**DATA FOR THIS EXERCISE**
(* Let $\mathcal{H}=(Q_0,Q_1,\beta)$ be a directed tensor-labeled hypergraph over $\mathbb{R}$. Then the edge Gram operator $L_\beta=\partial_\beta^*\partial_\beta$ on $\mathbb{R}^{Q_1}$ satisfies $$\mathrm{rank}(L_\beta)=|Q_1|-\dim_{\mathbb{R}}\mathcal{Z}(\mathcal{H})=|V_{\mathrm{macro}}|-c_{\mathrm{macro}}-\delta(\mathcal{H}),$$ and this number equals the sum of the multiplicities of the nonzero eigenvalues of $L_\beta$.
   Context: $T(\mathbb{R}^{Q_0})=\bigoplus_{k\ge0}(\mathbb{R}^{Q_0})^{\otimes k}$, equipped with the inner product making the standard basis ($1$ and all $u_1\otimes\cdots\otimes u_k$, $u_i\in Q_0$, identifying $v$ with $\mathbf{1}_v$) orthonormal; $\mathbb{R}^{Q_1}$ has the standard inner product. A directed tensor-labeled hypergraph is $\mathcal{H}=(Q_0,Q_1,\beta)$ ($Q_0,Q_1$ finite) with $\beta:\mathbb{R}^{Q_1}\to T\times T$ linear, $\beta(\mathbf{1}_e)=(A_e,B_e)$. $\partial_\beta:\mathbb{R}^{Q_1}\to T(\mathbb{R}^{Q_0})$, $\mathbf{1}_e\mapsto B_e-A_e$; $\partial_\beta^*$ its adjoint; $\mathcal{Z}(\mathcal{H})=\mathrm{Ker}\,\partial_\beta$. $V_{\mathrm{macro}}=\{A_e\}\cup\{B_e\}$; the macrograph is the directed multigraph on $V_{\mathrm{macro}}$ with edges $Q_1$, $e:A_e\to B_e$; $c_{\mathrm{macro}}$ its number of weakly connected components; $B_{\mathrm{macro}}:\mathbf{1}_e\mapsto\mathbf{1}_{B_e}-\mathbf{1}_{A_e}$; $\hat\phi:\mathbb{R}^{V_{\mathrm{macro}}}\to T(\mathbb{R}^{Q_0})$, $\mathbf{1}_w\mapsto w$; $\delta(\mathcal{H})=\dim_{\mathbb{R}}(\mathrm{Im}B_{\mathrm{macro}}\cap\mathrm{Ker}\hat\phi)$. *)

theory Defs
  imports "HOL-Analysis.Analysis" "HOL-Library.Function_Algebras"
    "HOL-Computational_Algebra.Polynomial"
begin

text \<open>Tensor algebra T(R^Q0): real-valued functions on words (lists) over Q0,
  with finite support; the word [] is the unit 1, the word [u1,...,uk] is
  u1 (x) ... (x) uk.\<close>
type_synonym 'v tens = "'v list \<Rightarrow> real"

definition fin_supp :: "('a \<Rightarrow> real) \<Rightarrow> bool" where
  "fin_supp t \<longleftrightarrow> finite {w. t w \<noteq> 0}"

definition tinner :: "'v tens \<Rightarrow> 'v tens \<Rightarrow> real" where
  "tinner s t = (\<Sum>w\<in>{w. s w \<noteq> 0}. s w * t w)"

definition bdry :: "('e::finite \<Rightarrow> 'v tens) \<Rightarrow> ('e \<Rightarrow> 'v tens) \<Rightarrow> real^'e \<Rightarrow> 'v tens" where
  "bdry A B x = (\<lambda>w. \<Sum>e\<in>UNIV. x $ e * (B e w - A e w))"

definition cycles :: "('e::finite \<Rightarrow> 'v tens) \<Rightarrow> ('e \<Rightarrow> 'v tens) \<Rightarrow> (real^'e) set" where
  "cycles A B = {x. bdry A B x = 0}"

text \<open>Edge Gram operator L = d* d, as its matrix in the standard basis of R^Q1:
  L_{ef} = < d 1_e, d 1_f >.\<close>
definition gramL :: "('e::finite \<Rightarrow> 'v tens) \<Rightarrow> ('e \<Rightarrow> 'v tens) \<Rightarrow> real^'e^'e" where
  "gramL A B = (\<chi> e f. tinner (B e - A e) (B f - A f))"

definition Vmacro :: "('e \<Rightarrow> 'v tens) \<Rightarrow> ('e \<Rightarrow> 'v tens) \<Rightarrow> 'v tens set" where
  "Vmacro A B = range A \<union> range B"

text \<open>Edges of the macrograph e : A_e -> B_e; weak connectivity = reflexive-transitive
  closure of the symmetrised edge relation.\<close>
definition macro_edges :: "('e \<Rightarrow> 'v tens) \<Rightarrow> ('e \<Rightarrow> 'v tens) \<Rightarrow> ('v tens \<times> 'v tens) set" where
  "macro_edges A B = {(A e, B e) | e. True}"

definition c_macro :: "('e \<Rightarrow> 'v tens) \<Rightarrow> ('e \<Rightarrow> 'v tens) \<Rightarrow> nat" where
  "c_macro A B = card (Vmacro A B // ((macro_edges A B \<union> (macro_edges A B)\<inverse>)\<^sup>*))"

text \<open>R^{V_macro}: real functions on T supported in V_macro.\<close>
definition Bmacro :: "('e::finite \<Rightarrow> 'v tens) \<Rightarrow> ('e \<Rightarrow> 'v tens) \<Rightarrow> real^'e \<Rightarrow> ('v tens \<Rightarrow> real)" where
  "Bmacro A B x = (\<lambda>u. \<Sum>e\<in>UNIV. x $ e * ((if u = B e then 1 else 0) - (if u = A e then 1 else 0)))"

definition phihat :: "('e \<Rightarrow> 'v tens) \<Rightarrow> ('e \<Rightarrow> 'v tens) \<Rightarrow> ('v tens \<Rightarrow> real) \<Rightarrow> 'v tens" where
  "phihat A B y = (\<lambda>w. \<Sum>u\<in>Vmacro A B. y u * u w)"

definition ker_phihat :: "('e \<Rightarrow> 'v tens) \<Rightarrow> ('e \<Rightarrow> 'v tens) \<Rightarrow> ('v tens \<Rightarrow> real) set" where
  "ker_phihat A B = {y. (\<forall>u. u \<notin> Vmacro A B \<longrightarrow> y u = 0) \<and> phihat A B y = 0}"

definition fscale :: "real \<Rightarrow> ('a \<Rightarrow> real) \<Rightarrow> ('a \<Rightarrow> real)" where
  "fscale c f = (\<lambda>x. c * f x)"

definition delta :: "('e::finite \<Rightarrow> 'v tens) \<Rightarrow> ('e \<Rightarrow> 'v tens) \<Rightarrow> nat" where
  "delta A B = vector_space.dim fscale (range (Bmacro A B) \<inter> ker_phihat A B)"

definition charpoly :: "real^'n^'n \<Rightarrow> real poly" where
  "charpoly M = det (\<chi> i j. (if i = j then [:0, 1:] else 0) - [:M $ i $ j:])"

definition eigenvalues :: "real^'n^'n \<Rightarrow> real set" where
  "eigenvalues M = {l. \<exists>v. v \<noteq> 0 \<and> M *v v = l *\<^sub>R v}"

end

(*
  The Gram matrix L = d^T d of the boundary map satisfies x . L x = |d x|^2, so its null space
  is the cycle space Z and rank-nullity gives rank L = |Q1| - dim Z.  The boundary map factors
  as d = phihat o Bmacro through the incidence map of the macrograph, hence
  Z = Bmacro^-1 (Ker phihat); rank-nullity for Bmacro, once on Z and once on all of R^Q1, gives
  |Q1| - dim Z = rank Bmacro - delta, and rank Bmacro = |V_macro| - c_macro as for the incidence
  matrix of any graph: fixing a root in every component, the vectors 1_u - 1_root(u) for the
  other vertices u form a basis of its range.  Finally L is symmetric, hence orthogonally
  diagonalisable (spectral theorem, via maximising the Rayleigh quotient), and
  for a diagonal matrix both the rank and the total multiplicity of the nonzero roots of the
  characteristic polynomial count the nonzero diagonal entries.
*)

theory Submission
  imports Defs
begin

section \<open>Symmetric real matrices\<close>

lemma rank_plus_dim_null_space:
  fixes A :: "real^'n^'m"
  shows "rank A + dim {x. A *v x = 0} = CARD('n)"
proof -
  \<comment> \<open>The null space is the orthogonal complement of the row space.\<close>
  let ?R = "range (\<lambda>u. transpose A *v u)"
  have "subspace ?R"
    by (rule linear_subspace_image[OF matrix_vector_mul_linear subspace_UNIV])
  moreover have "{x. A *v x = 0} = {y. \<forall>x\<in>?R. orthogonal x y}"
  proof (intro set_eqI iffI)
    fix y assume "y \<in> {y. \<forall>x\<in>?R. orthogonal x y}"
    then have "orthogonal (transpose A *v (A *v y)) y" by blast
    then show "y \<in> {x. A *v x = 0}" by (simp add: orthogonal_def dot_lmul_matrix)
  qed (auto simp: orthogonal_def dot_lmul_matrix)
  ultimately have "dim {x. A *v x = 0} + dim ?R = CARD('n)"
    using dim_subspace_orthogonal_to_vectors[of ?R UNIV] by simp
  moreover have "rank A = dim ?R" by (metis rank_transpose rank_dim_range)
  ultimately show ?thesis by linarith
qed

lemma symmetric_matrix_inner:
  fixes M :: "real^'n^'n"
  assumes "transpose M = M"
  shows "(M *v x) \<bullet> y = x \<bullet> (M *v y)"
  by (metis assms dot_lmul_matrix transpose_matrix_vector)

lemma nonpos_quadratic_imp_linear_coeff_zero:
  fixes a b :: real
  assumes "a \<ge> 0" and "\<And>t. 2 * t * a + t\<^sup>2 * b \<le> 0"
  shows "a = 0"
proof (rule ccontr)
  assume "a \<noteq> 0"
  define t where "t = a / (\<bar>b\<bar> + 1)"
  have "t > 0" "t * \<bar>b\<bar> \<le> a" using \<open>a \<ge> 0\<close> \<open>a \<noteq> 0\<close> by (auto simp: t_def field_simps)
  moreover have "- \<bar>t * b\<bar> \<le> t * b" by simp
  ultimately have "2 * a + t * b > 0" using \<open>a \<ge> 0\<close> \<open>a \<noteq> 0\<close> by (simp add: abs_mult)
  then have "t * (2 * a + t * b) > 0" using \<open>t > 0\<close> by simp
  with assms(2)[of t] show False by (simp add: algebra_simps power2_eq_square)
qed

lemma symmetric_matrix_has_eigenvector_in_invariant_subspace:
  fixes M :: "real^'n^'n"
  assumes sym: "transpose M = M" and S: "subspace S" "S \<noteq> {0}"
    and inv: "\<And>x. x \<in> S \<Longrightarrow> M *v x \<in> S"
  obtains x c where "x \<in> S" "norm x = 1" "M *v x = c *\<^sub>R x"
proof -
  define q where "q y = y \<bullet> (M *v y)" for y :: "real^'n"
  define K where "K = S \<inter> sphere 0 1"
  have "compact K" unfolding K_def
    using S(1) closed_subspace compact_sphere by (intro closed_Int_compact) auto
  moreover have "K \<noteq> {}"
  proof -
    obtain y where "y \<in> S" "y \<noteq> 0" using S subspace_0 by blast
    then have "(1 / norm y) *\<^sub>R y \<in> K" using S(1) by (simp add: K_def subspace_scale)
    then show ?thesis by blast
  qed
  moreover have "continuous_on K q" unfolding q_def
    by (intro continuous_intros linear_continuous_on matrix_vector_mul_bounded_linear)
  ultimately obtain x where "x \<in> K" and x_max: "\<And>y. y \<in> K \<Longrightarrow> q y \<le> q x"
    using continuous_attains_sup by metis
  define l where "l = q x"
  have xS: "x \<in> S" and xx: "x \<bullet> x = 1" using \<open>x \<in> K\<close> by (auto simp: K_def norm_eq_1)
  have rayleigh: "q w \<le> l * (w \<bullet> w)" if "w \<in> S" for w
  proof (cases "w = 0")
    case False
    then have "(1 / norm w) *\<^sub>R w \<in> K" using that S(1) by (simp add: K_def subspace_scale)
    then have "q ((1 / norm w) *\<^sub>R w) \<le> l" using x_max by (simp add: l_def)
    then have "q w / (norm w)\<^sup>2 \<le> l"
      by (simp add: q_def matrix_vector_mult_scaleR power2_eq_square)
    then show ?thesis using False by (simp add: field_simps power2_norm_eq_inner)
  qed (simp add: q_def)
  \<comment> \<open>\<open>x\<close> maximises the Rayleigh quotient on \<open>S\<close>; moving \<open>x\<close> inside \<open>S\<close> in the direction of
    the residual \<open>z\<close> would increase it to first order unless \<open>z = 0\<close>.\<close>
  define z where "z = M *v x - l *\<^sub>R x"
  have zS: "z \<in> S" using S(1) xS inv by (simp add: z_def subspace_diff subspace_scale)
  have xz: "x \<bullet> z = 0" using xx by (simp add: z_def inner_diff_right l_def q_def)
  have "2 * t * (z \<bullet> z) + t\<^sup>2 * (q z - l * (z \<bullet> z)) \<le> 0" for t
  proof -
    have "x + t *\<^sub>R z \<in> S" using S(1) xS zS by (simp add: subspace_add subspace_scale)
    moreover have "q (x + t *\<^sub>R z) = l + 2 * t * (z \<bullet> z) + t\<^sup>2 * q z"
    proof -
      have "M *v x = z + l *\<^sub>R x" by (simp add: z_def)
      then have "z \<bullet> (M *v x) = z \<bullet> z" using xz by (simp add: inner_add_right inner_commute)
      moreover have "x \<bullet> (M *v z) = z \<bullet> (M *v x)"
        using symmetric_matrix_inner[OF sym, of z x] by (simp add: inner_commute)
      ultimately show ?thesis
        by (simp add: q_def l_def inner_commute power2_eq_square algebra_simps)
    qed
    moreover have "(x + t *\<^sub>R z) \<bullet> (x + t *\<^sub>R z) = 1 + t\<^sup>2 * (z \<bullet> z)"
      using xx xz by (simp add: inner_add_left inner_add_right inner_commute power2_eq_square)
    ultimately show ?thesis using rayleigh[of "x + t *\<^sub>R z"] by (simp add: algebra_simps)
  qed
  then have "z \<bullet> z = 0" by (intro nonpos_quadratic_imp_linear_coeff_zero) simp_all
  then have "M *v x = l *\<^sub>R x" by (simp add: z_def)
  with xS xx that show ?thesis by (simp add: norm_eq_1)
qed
==
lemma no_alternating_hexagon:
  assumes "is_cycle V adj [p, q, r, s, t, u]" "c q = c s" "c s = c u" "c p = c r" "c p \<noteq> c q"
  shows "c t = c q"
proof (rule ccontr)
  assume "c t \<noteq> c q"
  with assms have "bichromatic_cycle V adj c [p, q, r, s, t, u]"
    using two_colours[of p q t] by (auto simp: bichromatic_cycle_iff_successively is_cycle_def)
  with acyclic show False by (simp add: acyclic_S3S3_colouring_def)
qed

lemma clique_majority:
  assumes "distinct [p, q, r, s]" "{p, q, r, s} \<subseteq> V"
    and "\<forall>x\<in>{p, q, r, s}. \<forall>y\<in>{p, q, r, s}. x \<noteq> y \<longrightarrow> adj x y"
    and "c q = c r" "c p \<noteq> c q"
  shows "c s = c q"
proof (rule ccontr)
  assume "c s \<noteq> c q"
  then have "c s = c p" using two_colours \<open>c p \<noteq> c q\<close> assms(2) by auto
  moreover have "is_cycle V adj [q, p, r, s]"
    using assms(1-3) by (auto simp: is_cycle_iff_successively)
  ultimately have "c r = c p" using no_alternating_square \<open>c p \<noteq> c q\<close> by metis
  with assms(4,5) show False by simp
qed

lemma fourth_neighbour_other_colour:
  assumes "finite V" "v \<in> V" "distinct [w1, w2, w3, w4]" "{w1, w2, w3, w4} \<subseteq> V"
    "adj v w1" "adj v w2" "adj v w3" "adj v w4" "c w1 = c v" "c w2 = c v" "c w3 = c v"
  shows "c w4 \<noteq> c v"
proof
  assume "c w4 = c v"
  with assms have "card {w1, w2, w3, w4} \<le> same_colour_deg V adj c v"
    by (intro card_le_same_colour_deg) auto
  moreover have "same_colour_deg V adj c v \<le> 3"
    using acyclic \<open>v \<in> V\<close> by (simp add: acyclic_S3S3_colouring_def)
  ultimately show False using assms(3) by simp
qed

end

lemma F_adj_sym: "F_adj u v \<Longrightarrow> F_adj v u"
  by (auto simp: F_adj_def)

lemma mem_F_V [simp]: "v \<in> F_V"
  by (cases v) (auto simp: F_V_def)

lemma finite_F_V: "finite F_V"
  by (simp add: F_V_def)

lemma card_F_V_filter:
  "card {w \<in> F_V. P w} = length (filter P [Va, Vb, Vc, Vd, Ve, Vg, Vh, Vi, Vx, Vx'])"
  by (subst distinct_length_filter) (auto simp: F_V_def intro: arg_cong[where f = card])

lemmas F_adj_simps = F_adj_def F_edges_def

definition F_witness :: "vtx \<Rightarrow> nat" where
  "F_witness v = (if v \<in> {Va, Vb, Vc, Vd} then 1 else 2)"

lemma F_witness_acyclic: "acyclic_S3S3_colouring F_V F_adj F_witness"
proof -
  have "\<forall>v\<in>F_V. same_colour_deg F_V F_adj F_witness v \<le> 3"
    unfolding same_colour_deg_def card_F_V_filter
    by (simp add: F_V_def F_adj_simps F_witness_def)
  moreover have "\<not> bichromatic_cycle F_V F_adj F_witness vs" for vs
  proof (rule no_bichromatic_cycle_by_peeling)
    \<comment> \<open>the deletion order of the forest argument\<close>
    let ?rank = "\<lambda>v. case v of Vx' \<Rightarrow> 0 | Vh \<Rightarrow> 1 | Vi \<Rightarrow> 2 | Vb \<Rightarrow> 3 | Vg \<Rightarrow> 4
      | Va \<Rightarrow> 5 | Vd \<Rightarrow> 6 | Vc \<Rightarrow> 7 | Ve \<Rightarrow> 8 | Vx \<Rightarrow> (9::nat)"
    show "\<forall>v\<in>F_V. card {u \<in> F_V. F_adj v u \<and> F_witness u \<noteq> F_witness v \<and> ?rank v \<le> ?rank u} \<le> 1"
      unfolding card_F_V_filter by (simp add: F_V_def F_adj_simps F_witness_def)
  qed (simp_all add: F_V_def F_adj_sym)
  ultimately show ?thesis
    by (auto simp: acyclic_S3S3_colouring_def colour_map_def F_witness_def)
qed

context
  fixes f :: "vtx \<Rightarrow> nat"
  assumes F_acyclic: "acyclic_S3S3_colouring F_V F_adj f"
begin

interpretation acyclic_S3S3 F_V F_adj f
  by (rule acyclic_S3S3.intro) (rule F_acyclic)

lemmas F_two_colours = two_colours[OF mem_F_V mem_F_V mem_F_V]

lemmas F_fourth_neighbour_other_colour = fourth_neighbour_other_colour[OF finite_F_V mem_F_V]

**ABOUT THIS TASK**
In the material above, locate the line containing "obtains x c" and the line containing "inner_diff_right l_def q_def)". Transcribe exactly those two lines and every line between them, and nothing more.

**EXERCISE ANSWER**
  obtains x c where "x \<in> S" "norm x = 1" "M *v x = c *\<^sub>R x"
proof -
  define q where "q y = y \<bullet> (M *v y)" for y :: "real^'n"
  define K where "K = S \<inter> sphere 0 1"
  have "compact K" unfolding K_def
    using S(1) closed_subspace compact_sphere by (intro closed_Int_compact) auto
  moreover have "K \<noteq> {}"
  proof -
    obtain y where "y \<in> S" "y \<noteq> 0" using S subspace_0 by blast
    then have "(1 / norm y) *\<^sub>R y \<in> K" using S(1) by (simp add: K_def subspace_scale)
    then show ?thesis by blast
  qed
  moreover have "continuous_on K q" unfolding q_def
    by (intro continuous_intros linear_continuous_on matrix_vector_mul_bounded_linear)
  ultimately obtain x where "x \<in> K" and x_max: "\<And>y. y \<in> K \<Longrightarrow> q y \<le> q x"
    using continuous_attains_sup by metis
  define l where "l = q x"
  have xS: "x \<in> S" and xx: "x \<bullet> x = 1" using \<open>x \<in> K\<close> by (auto simp: K_def norm_eq_1)
  have rayleigh: "q w \<le> l * (w \<bullet> w)" if "w \<in> S" for w
  proof (cases "w = 0")
    case False
    then have "(1 / norm w) *\<^sub>R w \<in> K" using that S(1) by (simp add: K_def subspace_scale)
    then have "q ((1 / norm w) *\<^sub>R w) \<le> l" using x_max by (simp add: l_def)
    then have "q w / (norm w)\<^sup>2 \<le> l"
      by (simp add: q_def matrix_vector_mult_scaleR power2_eq_square)
    then show ?thesis using False by (simp add: field_simps power2_norm_eq_inner)
  qed (simp add: q_def)
  \<comment> \<open>\<open>x\<close> maximises the Rayleigh quotient on \<open>S\<close>; moving \<open>x\<close> inside \<open>S\<close> in the direction of
    the residual \<open>z\<close> would increase it to first order unless \<open>z = 0\<close>.\<close>
  define z where "z = M *v x - l *\<^sub>R x"
  have zS: "z \<in> S" using S(1) xS inv by (simp add: z_def subspace_diff subspace_scale)
  have xz: "x \<bullet> z = 0" using xx by (simp add: z_def inner_diff_right l_def q_def)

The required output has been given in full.